| RECORDED INFORMATION |
========================
lemma unitary_normalized_cols:
  assumes ws: "set ws \<subseteq> carrier_vec n" "corthogonal ws" "length ws = n"
  shows "unitary_mat n (mat n n (\<lambda>(i, j). ws ! j $ i / of_real (cvec_norm (ws ! j))))"
    (is "unitary_mat n ?W")
proof -
  have wsc: "ws ! j \<in> carrier_vec n" if "j < n" for j
    using ws that by auto
  have pos: "cvec_norm (ws ! j) > 0" if "j < n" for j
    using corthogonalD[OF ws(2)] that ws(3) by (intro cvec_norm_pos) auto
  have "(\<Sum>l<n. cnj (?W $$ (l, i)) * ?W $$ (l, j)) = of_bool (i = j)" if ij: "i < n" "j < n" for i j
  proof -
    have "(\<Sum>l<n. cnj (?W $$ (l, i)) * ?W $$ (l, j))
        = (ws ! j \<bullet>c ws ! i) / (of_real (cvec_norm (ws ! i)) * of_real (cvec_norm (ws ! j)))"
      using ij wsc[OF ij(1)] wsc[OF ij(2)]
      by (auto simp: scalar_prod_def lessThan_atLeast0 sum_divide_distrib intro!: sum.cong)
    also have "\<dots> = of_bool (i = j)"
      using corthogonalD[OF ws(2), of j i] ij ws(3) pos[OF ij(1)] pos[OF ij(2)]
      by (auto simp: cscalar_prod_self power2_eq_square)
    finally show ?thesis .
  qed
  then have "mat_adjoint ?W * ?W = 1\<^sub>m n"
    by (intro eq_matI) (auto simp: adjoint_mult_index simp del: index_mult_mat(1))
  then show ?thesis
    unfolding unitary_mat_def by (auto intro: mat_mult_left_right_inverse)
qed

lemma unitary_completion:
  assumes v: "v \<in> carrier_vec n" and v0: "v \<noteq> 0\<^sub>v n"
  shows "\<exists>W c. unitary_mat n W \<and> col W 0 = c \<cdot>\<^sub>v v"
proof -
  interpret cof_vec_space n "TYPE(complex)" .
  define b where "b = basis_completion v"
  define ws where "ws = gram_schmidt n b"
  from basis_completion[OF v v0, folded b_def]
  have b: "distinct b" "\<not> lin_dep (set b)" "set b \<subseteq> carrier_vec n" "hd b = v" "length b = n"
    by auto
  have n: "n > 0"
    using v v0 by (cases n) auto
  then obtain vs where bv: "b = v # vs"
    using b by (cases b) auto
  from gram_schmidt_result[OF b(3,1,2) refl, folded ws_def]
  have ws: "set ws \<subseteq> carrier_vec n" "corthogonal ws" "length ws = n"
    by (auto simp: b(5))
  have "ws ! 0 = v"
    using gram_schmidt_hd[OF v, of vs] ws(3) n unfolding ws_def bv by (cases "gram_schmidt n (v # vs)") auto
  then have "col (mat n n (\<lambda>(i, j). ws ! j $ i / of_real (cvec_norm (ws ! j)))) 0
      = (1 / of_real (cvec_norm v)) \<cdot>\<^sub>v v"
    using n v by (intro eq_vecI) auto
  then show ?thesis
    using unitary_normalized_cols[OF ws] by blast
qed

lemma unitary_conj_eigenvector_col:
  assumes N: "N \<in> carrier_mat n n" and W: "unitary_mat n W" and v: "v \<in> carrier_vec n"
    and Wv: "col W 0 = c \<cdot>\<^sub>v v" and ev: "N *\<^sub>v v = e \<cdot>\<^sub>v v" and i: "i < n"
  shows "(mat_adjoint W * (N * W)) $$ (i, 0) = (if i = 0 then e else 0)"
proof -
  have Wc: "W \<in> carrier_mat n n"
    using W by (rule unitary_carrier)
  have n: "0 < n"
    using i by simp
  have "col (N * W) 0 = N *\<^sub>v col W 0"
    by (rule col_mult2[OF N Wc n])
  also have "\<dots> = e \<cdot>\<^sub>v col W 0"
    unfolding Wv using N v ev by (auto simp: mult_mat_vec intro!: eq_vecI)
  finally have "(mat_adjoint W * (N * W)) $$ (i, 0) = e * (mat_adjoint W * W) $$ (i, 0)"
    using i n N Wc by (simp add: scalar_prod_smult_distrib[of _ n])
  then show ?thesis
    using i unitary_adjoint_mult[OF W] by simp
qed

lemma normal_unitary_conj:
  assumes N: "N \<in> carrier_mat n n" and normal: "N * mat_adjoint N = mat_adjoint N * N"
    and W: "unitary_mat n W"
  defines "A \<equiv> mat_adjoint W * (N * W)"
  shows "A * mat_adjoint A = mat_adjoint A * A"
proof -
  have Wc: "W \<in> carrier_mat n n"
    using W by (rule unitary_carrier)
  have WW: "W * mat_adjoint W = 1\<^sub>m n"
    using W unfolding unitary_mat_def by simp
  have adjA: "mat_adjoint A = mat_adjoint W * (mat_adjoint N * W)"
    unfolding A_def using Wc N by (simp add: adjoint_mult[of _ n n _ n] assoc_mult_mat[of _ n n _ n _ n])
  have "A * mat_adjoint A = mat_adjoint W * (N * (W * mat_adjoint W) * (mat_adjoint N * W))"
    unfolding adjA unfolding A_def using Wc N by (simp add: assoc_mult_mat[of _ n n _ n _ n])
  also have "\<dots> = mat_adjoint W * (N * mat_adjoint N * W)"
    unfolding WW using Wc N by (simp add: assoc_mult_mat[of _ n n _ n _ n])
  also have "\<dots> = mat_adjoint W * (mat_adjoint N * N * W)"
    by (simp only: normal)
  also have "\<dots> = mat_adjoint W * (mat_adjoint N * (W * mat_adjoint W) * (N * W))"
    unfolding WW using Wc N by (simp add: assoc_mult_mat[of _ n n _ n _ n])
  also have "\<dots> = mat_adjoint A * A"
    unfolding adjA unfolding A_def using Wc N by (simp add: assoc_mult_mat[of _ n n _ n _ n])
  finally show ?thesis .
qed

text \<open>For a normal matrix the first row and the first column have the same norm, being
  the first diagonal entries of \<open>A A\<^sup>*\<close> and \<open>A\<^sup>* A\<close>.\<close>

lemma normal_first_row_zero:
  fixes A :: "complex mat"
  assumes A: "A \<in> carrier_mat (Suc k) (Suc k)" and normal: "A * mat_adjoint A = mat_adjoint A * A"
    and col0: "\<And>i. 0 < i \<Longrightarrow> i < Suc k \<Longrightarrow> A $$ (i, 0) = 0"
    and j: "0 < j" "j < Suc k"
  shows "A $$ (0, j) = 0"
proof -
  have "(A * mat_adjoint A) $$ (0, 0) = (mat_adjoint A * A) $$ (0, 0)"
    by (simp add: normal)
  then have "A $$ (0, 0) * cnj (A $$ (0, 0)) + (\<Sum>l<k. A $$ (0, Suc l) * cnj (A $$ (0, Suc l)))
      = cnj (A $$ (0, 0)) * A $$ (0, 0) + (\<Sum>l<k. cnj (A $$ (Suc l, 0)) * A $$ (Suc l, 0))"
    using A by (simp add: mult_adjoint_index adjoint_mult_index sum.lessThan_Suc_shift
        del: sum.lessThan_Suc index_mult_mat(1))
  then have "(\<Sum>l<k. A $$ (0, Suc l) * cnj (A $$ (0, Suc l))) = 0"
    using col0 by (simp add: mult.commute)
  moreover have "(\<Sum>l<k. A $$ (0, Suc l) * cnj (A $$ (0, Suc l)))
      = of_real (\<Sum>l<k. (cmod (A $$ (0, Suc l)))\<^sup>2)"
    by (simp only: of_real_sum complex_norm_square)
  ultimately have "(\<Sum>l<k. (cmod (A $$ (0, Suc l)))\<^sup>2) = 0"
    by (metis of_real_eq_0_iff)
  then have "\<forall>l<k. (cmod (A $$ (0, Suc l)))\<^sup>2 = 0"
    by (simp add: sum_nonneg_eq_0_iff)
  then show ?thesis
    using j by (cases j) auto
qed
(* Consider a symmetric two-player game $(X,\pi)$ with compact action set $X$ and payoff function of the form $\pi(x,y)=f(x)+g(y)+a(x,y)$ for some continuous functions $f,g:X\to\mathbb{R}$ and a symmetric function $a:X\times X\to\mathbb{R}$ (i.e. $a(x,y)=a(y,x)$ for all $x,y\in X$). Then imitation is essentially unbeatable.
   Context: $\pi(x,y)$ is the payoff of the player choosing $x$ against $y$ (assumed bounded). Relative payoff: $\Delta(x,y)=\pi(x,y)-\pi(y,x)$, and $\hat\Delta:=\max_{x,y\in X}\Delta(x,y)$. Imitate-the-best: given initial $y_0\in X$ and any opponent sequence $(x_t)_{t\ge0}$ in $X$, $y_t=x_{t-1}$ if $\Delta(x_{t-1},y_{t-1})>0$ and $y_t=y_{t-1}$ otherwise. Imitation is essentially unbeatable if for every $y_0\in X$ and every sequence $(x_t)$, $\limsup_{T\to\infty}\sum_{t=0}^T\Delta(x_t,y_t)\le\hat\Delta$. *)

theory Defs
  imports "HOL-Analysis.Analysis" "HOL-Library.Liminf_Limsup"
begin

definition rel_payoff :: "('a \<Rightarrow> 'a \<Rightarrow> real) \<Rightarrow> 'a \<Rightarrow> 'a \<Rightarrow> real" where
  "rel_payoff \<pi> x y = \<pi> x y - \<pi> y x"

definition max_rel_payoff :: "'a set \<Rightarrow> ('a \<Rightarrow> 'a \<Rightarrow> real) \<Rightarrow> real" where
  "max_rel_payoff X \<pi> = (SUP p\<in>X \<times> X. rel_payoff \<pi> (fst p) (snd p))"

fun imitate :: "('a \<Rightarrow> 'a \<Rightarrow> real) \<Rightarrow> 'a \<Rightarrow> (nat \<Rightarrow> 'a) \<Rightarrow> nat \<Rightarrow> 'a" where
  "imitate \<pi> y0 xs 0 = y0"
| "imitate \<pi> y0 xs (Suc t) =
     (if rel_payoff \<pi> (xs t) (imitate \<pi> y0 xs t) > 0 then xs t else imitate \<pi> y0 xs t)"

definition essentially_unbeatable :: "'a set \<Rightarrow> ('a \<Rightarrow> 'a \<Rightarrow> real) \<Rightarrow> bool" where
  "essentially_unbeatable X \<pi> \<longleftrightarrow>
     (\<forall>y0\<in>X. \<forall>xs. (\<forall>t. xs t \<in> X) \<longrightarrow>
        limsup (\<lambda>T. ereal (\<Sum>t\<le>T. rel_payoff \<pi> (xs t) (imitate \<pi> y0 xs t)))
          \<le> ereal (max_rel_payoff X \<pi>))"

end

theory Submission
  imports Defs
begin

text \<open>For payoffs of the form f x + g y + a x y with a symmetric, the relative payoff is
  exact: \<Delta>(x, y) = h x - h y with the potential h = f - g. Imitate-the-best then makes h
  along the imitator's path the running maximum of h, so each relative payoff is bounded by
  the increment of h along that path and the cumulative relative payoff telescopes to
  h(y(T+1)) - h(y(0)) = \<Delta>(y(T+1), y(0)) \<le> \<hat>\<Delta>.\<close>

lemma imitate_mem:
  assumes "y0 \<in> X" "\<And>t. xs t \<in> X"
  shows "imitate \<pi> y0 xs t \<in> X"
  using assms by (induction t) auto

lemma rel_payoff_symmetric_decomposition:
  assumes "a x y = a y x"
    and "\<pi> x y = f x + g y + a x y" "\<pi> y x = f y + g x + a y x"
  shows "rel_payoff \<pi> x y = (f x - g x) - (f y - g y)"
  using assms unfolding rel_payoff_def by simp

lemma rel_payoff_le_max_rel_payoff:
  assumes "bounded ((\<lambda>p. \<pi> (fst p) (snd p)) ` (X \<times> X))" "x \<in> X" "y \<in> X"
  shows "rel_payoff \<pi> x y \<le> max_rel_payoff X \<pi>"
proof -
  obtain B where B: "\<And>u v. u \<in> X \<Longrightarrow> v \<in> X \<Longrightarrow> \<bar>\<pi> u v\<bar> \<le> B"
    using assms(1) by (force simp: bounded_iff)
  have "bdd_above ((\<lambda>p. rel_payoff \<pi> (fst p) (snd p)) ` (X \<times> X))"
  proof (rule bdd_aboveI2)
    fix p assume "p \<in> X \<times> X"
    with B[of "fst p" "snd p"] B[of "snd p" "fst p"]
    show "rel_payoff \<pi> (fst p) (snd p) \<le> 2 * B"
      by (auto simp: rel_payoff_def mem_Times_iff)
  qed
  from cSUP_upper[OF _ this, of "(x, y)"] assms(2,3) show ?thesis
    unfolding max_rel_payoff_def by simp
qed

context
  fixes X :: "'a set" and \<pi> :: "'a \<Rightarrow> 'a \<Rightarrow> real" and h :: "'a \<Rightarrow> real"
    and y0 :: 'a and xs :: "nat \<Rightarrow> 'a"
  assumes potential: "\<And>x y. x \<in> X \<Longrightarrow> y \<in> X \<Longrightarrow> rel_payoff \<pi> x y = h x - h y"
    and y0: "y0 \<in> X" and xs: "\<And>t. xs t \<in> X"
begin

lemma imitate_mem_actions: "imitate \<pi> y0 xs t \<in> X"
  using y0 xs by (rule imitate_mem)

lemma potential_imitate_Suc:
  "h (imitate \<pi> y0 xs (Suc t)) = max (h (xs t)) (h (imitate \<pi> y0 xs t))"
  using potential[OF xs imitate_mem_actions] by auto

lemma sum_rel_payoff_imitate_le_potential:
  "(\<Sum>t\<le>T. rel_payoff \<pi> (xs t) (imitate \<pi> y0 xs t)) \<le> h (imitate \<pi> y0 xs (Suc T)) - h y0"
proof (induction T)
  case 0
  show ?case using potential[OF xs y0] potential_imitate_Suc[of 0] by simp
next
  case (Suc T)
  have "rel_payoff \<pi> (xs (Suc T)) (imitate \<pi> y0 xs (Suc T))
          \<le> h (imitate \<pi> y0 xs (Suc (Suc T))) - h (imitate \<pi> y0 xs (Suc T))"
    using potential[OF xs[of "Suc T"] imitate_mem_actions[of "Suc T"]]
      potential_imitate_Suc[of "Suc T"] by linarith
  with Suc show ?case by (simp del: imitate.simps)
qed

end

theorem essentially_unbeatable_if_potential:
  assumes potential: "\<And>x y. x \<in> X \<Longrightarrow> y \<in> X \<Longrightarrow> rel_payoff \<pi> x y = h x - h y"
    and bounded: "bounded ((\<lambda>p. \<pi> (fst p) (snd p)) ` (X \<times> X))"
  shows "essentially_unbeatable X \<pi>"
  unfolding essentially_unbeatable_def
proof (intro ballI allI impI)
  fix y0 and xs :: "nat \<Rightarrow> 'a"
  assume y0: "y0 \<in> X" and "\<forall>t. xs t \<in> X"
  then have xs: "\<And>t. xs t \<in> X" by blast
  have "(\<Sum>t\<le>T. rel_payoff \<pi> (xs t) (imitate \<pi> y0 xs t)) \<le> max_rel_payoff X \<pi>" for T
  proof -
    let ?y = "imitate \<pi> y0 xs (Suc T)"
    have "(\<Sum>t\<le>T. rel_payoff \<pi> (xs t) (imitate \<pi> y0 xs t)) \<le> h ?y - h y0"
      by (rule sum_rel_payoff_imitate_le_potential[OF potential y0 xs])
    also have "\<dots> = rel_payoff \<pi> ?y y0"
      using potential[OF imitate_mem[of y0 X xs, OF y0 xs] y0] by (simp del: imitate.simps)
    also have "\<dots> \<le> max_rel_payoff X \<pi>"
      by (rule rel_payoff_le_max_rel_payoff[OF bounded imitate_mem[of y0 X xs, OF y0 xs] y0])
    finally show ?thesis .
  qed
  then show "limsup (\<lambda>T. ereal (\<Sum>t\<le>T. rel_payoff \<pi> (xs t) (imitate \<pi> y0 xs t)))
               \<le> ereal (max_rel_payoff X \<pi>)"
    by (intro Limsup_bounded always_eventually) simp
qed

theorem corollary3:
  fixes X :: "'a::topological_space set"
    and \<pi> :: "'a \<Rightarrow> 'a \<Rightarrow> real"
    and f g :: "'a \<Rightarrow> real"
    and a :: "'a \<Rightarrow> 'a \<Rightarrow> real"
  assumes "compact X"
    and "continuous_on X f" and "continuous_on X g"
    and "\<And>x y. x \<in> X \<Longrightarrow> y \<in> X \<Longrightarrow> a x y = a y x"
    and "\<And>x y. x \<in> X \<Longrightarrow> y \<in> X \<Longrightarrow> \<pi> x y = f x + g y + a x y"
    and "bounded ((\<lambda>p. \<pi> (fst p) (snd p)) ` (X \<times> X))"
  shows "essentially_unbeatable X \<pi>"
proof (rule essentially_unbeatable_if_potential[OF _ assms(6)])
  fix x y assume "x \<in> X" "y \<in> X"
  then show "rel_payoff \<pi> x y = (f x - g x) - (f y - g y)"
    using assms(4,5) by (intro rel_payoff_symmetric_decomposition) auto
qed

end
========================
Above are the records; report each line in them that includes the word "theorem".

| SOLUTION TO THIS EXERCISE |
theorem essentially_unbeatable_if_potential:
theorem corollary3:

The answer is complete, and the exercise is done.